Remember we saved the log file as ‘train’ in our current working directory. This is what the folder looks like on my PC

Go to your anaconda prompt and type

TensorBoard --logdir train

When you run the above command, you should get a message that looks like this

TensorBoard 1.13.1 at http://dayvheed:6006 (Press CTRL+C to quit)

Copy the http://<url>:6006 to any browser on your PC and run it. The TensorBoard dashboard will appear and it would look like this.

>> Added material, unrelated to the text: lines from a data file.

lemma AE_L_unbounded: "AE \<omega> in M. \<forall>T. \<exists>u\<ge>0. T < L u \<omega>"
proof (rule AE_I')
  show "(\<Union>k::nat. {\<omega>\<in>space M. \<forall>n::nat. L (real n) \<omega> \<le> real k}) \<in> null_sets M"
    using prob_L_bounded by (intro null_sets_UN) (simp add: null_sets_def emeasure_eq_measure)
  show "{\<omega>\<in>space M. \<not> (\<forall>T. \<exists>u\<ge>0. T < L u \<omega>)} \<subseteq> (\<Union>k::nat. {\<omega>\<in>space M. \<forall>n::nat. L (real n) \<omega> \<le> real k})"
  proof (intro subsetI)
    fix \<omega> assume "\<omega> \<in> {\<omega>\<in>space M. \<not> (\<forall>T. \<exists>u\<ge>0. T < L u \<omega>)}"
    then obtain T where \<omega>: "\<omega> \<in> space M" and bounded: "\<not> (\<exists>u\<ge>0. T < L u \<omega>)" by auto
    obtain k :: nat where "T \<le> real k" using real_arch_simple by blast
    with bounded have "\<forall>n::nat. L (real n) \<omega> \<le> real k"
      by (meson of_nat_0_le_iff not_less order_trans)
    with \<omega> show "\<omega> \<in> (\<Union>k::nat. {\<omega>\<in>space M. \<forall>n::nat. L (real n) \<omega> \<le> real k})"
      by blast
  qed
qed

lemma inverse_subordinator_measurable[measurable]: "Y T \<in> borel_measurable L_algebra"
proof (rule borel_measurable_iff_less[THEN iffD2], intro allI)
  fix c :: real
  define U where "U r = {\<omega>\<in>space M. T < L r \<omega>}" for r
  have U: "U r \<in> sets L_algebra" for r
  proof -
    have "{\<omega>\<in>space L_algebra. T < L r \<omega>} \<in> sets L_algebra" by measurable
    then show ?thesis by (simp add: U_def)
  qed
  \<comment> \<open>by monotonicity of the paths, it suffices to look at natural and rational times\<close>
  have "{\<omega>\<in>space L_algebra. Y T \<omega> < c}
      = (if Inf ({}::real set) < c then space L_algebra - (\<Union>n::nat. U (real n)) else {})
        \<union> (\<Union>r\<in>\<rat> \<inter> {0..<c}. U r)"
    unfolding U_def inverse_subordinator_def using Inf_superlevel_less_iff[OF L_mono] by (auto; force)
  also have "\<dots> \<in> sets L_algebra"
    using countable_rat U sets.compl_sets[of "\<Union>n::nat. U (real n)" L_algebra]
    by (intro sets.Un sets.countable_UN') auto
  finally show "{\<omega>\<in>space L_algebra. Y T \<omega> < c} \<in> sets L_algebra" .
qed

lemma gen_sigma_subset_sets_L_algebra: "gen_sigma M Y \<subseteq> sets L_algebra"
proof -
  have "(\<Union>s\<in>{0..}. {Y s -` A \<inter> space M | A. A \<in> sets borel}) \<subseteq> sets L_algebra"
    using measurable_sets[OF inverse_subordinator_measurable] by auto
  then show ?thesis
    unfolding gen_sigma_def using sets.sigma_sets_subset[of _ L_algebra] by simp
qed

lemma inverse_subordinator_nonneg: "\<exists>u\<ge>0. T < L u \<omega> \<Longrightarrow> 0 \<le> Y T \<omega>"
  unfolding inverse_subordinator_def by (rule cInf_greatest) auto

lemma inverse_subordinator_tendsto:
  "\<omega> \<in> space M \<Longrightarrow> \<forall>T. \<exists>u\<ge>0. T < L u \<omega> \<Longrightarrow> filterlim (\<lambda>T. Y T \<omega>) at_top at_top"
  unfolding inverse_subordinator_def by (intro Inf_superlevel_tendsto_at_top L_mono) auto

lemma normalized_N1_at_Lam_inverse_subordinator_measurable:
  "(\<lambda>\<omega>. (real (N1 (Lam (Y T \<omega>)) \<omega>) - Lam (Y T \<omega>)) / sqrt (Lam (Y T \<omega>))) \<in> borel_measurable M"
proof -
  define G where "G = {\<omega>\<in>space M. \<exists>n::nat. T < L (real n) \<omega>}"
  define Z where "Z \<omega> = Lam (max 0 (Y T \<omega>))" for \<omega>
  define X where "X s \<omega> = (real (N1 s \<omega>) - s) / sqrt s" for s \<omega>
  have "G = (\<Union>n. {\<omega>\<in>space M. T < L (real n) \<omega>})" unfolding G_def by auto
  then have G[measurable]: "G \<in> sets M" by simp
  have Z_M[measurable]: "Z \<in> borel_measurable M"
    using measurable_compose[OF inverse_subordinator_measurable borel_measurable_mono[OF mono_Lam_max_0]]
    unfolding Z_def by (intro measurable_L_algebra_into_borel) (simp add: o_def)
  have [measurable]: "(\<lambda>\<omega>. real (N1 (Z \<omega>) \<omega>)) \<in> borel_measurable M"
    by (rule N1_at_random_time_measurable[OF Z_M]) (simp add: Z_def Lam_nonneg)
  \<comment> \<open>off G the superlevel set is empty, so Y T is the junk value Inf {}\<close>
  have "X (Lam (Y T \<omega>)) \<omega> = (if \<omega> \<in> G then X (Z \<omega>) \<omega> else X (Lam (Inf {})) \<omega>)" if "\<omega> \<in> space M" for \<omega>
  proof (cases "\<omega> \<in> G")
    case True
    then have "0 \<le> Y T \<omega>"
      by (intro inverse_subordinator_nonneg) (auto simp: G_def intro: of_nat_0_le_iff)
    then show ?thesis using True by (simp add: Z_def max_def)
  next
    case False
    then have "{u. 0 \<le> u \<and> T < L u \<omega>} = {}"
      using superlevel_nonempty_iff_nat[OF L_mono[OF that], of T] that by (auto simp: G_def)
    then have "Y T \<omega> = Inf {}" unfolding inverse_subordinator_def by (simp only:)
    then show ?thesis using False by simp
  qed
  moreover have "(\<lambda>\<omega>. if \<omega> \<in> G then X (Z \<omega>) \<omega> else X (Lam (Inf {})) \<omega>) \<in> borel_measurable M"
    unfolding X_def by measurable
  ultimately show ?thesis
    unfolding X_def by (subst measurable_cong) auto
qed
lemma nabla_point_transitive_imp_F_transitive:
  assumes "continuous_on X f" "f ` X \<subseteq> X"
    and "furstenberg_family \<F>" "\<F> \<subseteq> F_inf" "translation_plus_invariant \<F>"
    and "F_point_transitive (nabla \<F>) X f"
  shows "F_transitive \<F> X f"
  unfolding F_transitive_def
proof (intro allI impI)
  obtain x where x: "x \<in> X"
    "\<And>U. openin (top_of_set X) U \<Longrightarrow> U \<noteq> {} \<Longrightarrow> diff_set (visit_times f x U) \<in> \<F>"
    using assms(6) unfolding F_point_transitive_def F_transitive_point_def nabla_def by blast
  have infinite_visits: "infinite (visit_times f x U)"
    if "openin (top_of_set X) U" "U \<noteq> {}" for U
    using x(2)[OF that] assms(4) finite_diff_set unfolding F_inf_def by blast
  fix U V
  assume UV: "openin (top_of_set X) U \<and> U \<noteq> {} \<and> openin (top_of_set X) V \<and> V \<noteq> {}"
  obtain b where b: "b \<in> visit_times f x U"
    using infinite_visits[of U] UV by fastforce
  obtain a where a: "a > b" "a \<in> visit_times f x V"
    using infinite_visits[of V] UV infinite_nat_iff_unbounded by blast
  define m where "m = a - b"
  define W where "W = U \<inter> (X \<inter> (f ^^ m) -` V)"
  have "(f ^^ m) ((f ^^ b) x) = (f ^^ a) x"
    using a(1) by (simp add: m_def funpow_apply_add)
  then have "(f ^^ b) x \<in> W"
    using a(2) b funpow_mem[OF assms(2) x(1)] unfolding W_def visit_times_def by auto
  moreover have "openin (top_of_set X) W"
    unfolding W_def using UV openin_funpow_preimage[OF assms(1,2)] by blast
  ultimately have "(\<lambda>k. k + m) ` diff_set (visit_times f x W) \<in> \<F>"
    using x(2) assms(5) unfolding translation_plus_invariant_def by blast
  moreover have "(\<lambda>k. k + m) ` diff_set (visit_times f x W) \<subseteq> hitting_times f U V"
    by (rule shifted_diff_set_visit_times_subset_hitting_times) (auto simp: W_def)
  ultimately show "hitting_times f U V \<in> \<F>"
    using furstenberg_family_superset[OF assms(3)] unfolding hitting_times_def by blast
qed

theorem proposition3p6:
  fixes X :: "'a::metric_space set" and f :: "'a \<Rightarrow> 'a" and \<F> :: "nat set set"
  assumes "dynamical_system X f" and "X \<noteq> {}"
    and "furstenberg_family \<F>" and "proper_family \<F>" and "\<F> \<subseteq> F_inf"
    and "translation_plus_invariant \<F>"
  shows "F_transitive \<F> X f \<longleftrightarrow> F_point_transitive (nabla \<F>) X f"
proof
  have "{} \<notin> \<F>"
    using assms(5) unfolding F_inf_def by auto
  then show "F_transitive \<F> X f \<Longrightarrow> F_point_transitive (nabla \<F>) X f"
    using F_transitive_imp_nabla_point_transitive assms(1-3) by blast
next
  have "continuous_on X f" "f ` X \<subseteq> X"
    using assms(1) unfolding dynamical_system_def by auto
  then show "F_point_transitive (nabla \<F>) X f \<Longrightarrow> F_transitive \<F> X f"
    using nabla_point_transitive_imp_F_transitive assms(3,5,6) by blast
qed

end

We can see from the loss function at every epoch. Since the loss drops very quickly and stabilizes after the first 500 epochs, it indicates that our model has learned.

We can also check how the tensors are connected by clicking on the Graphs tab

In conclusion, we have seen that TensorBoard is a fantastic visualization tool for neural networks. You can display important metrics such as loss, accuracy, and weight. We saw how to achieve this using TensorBoard. It’s important to understand how to use TensorBoard especially if you are working with big projects.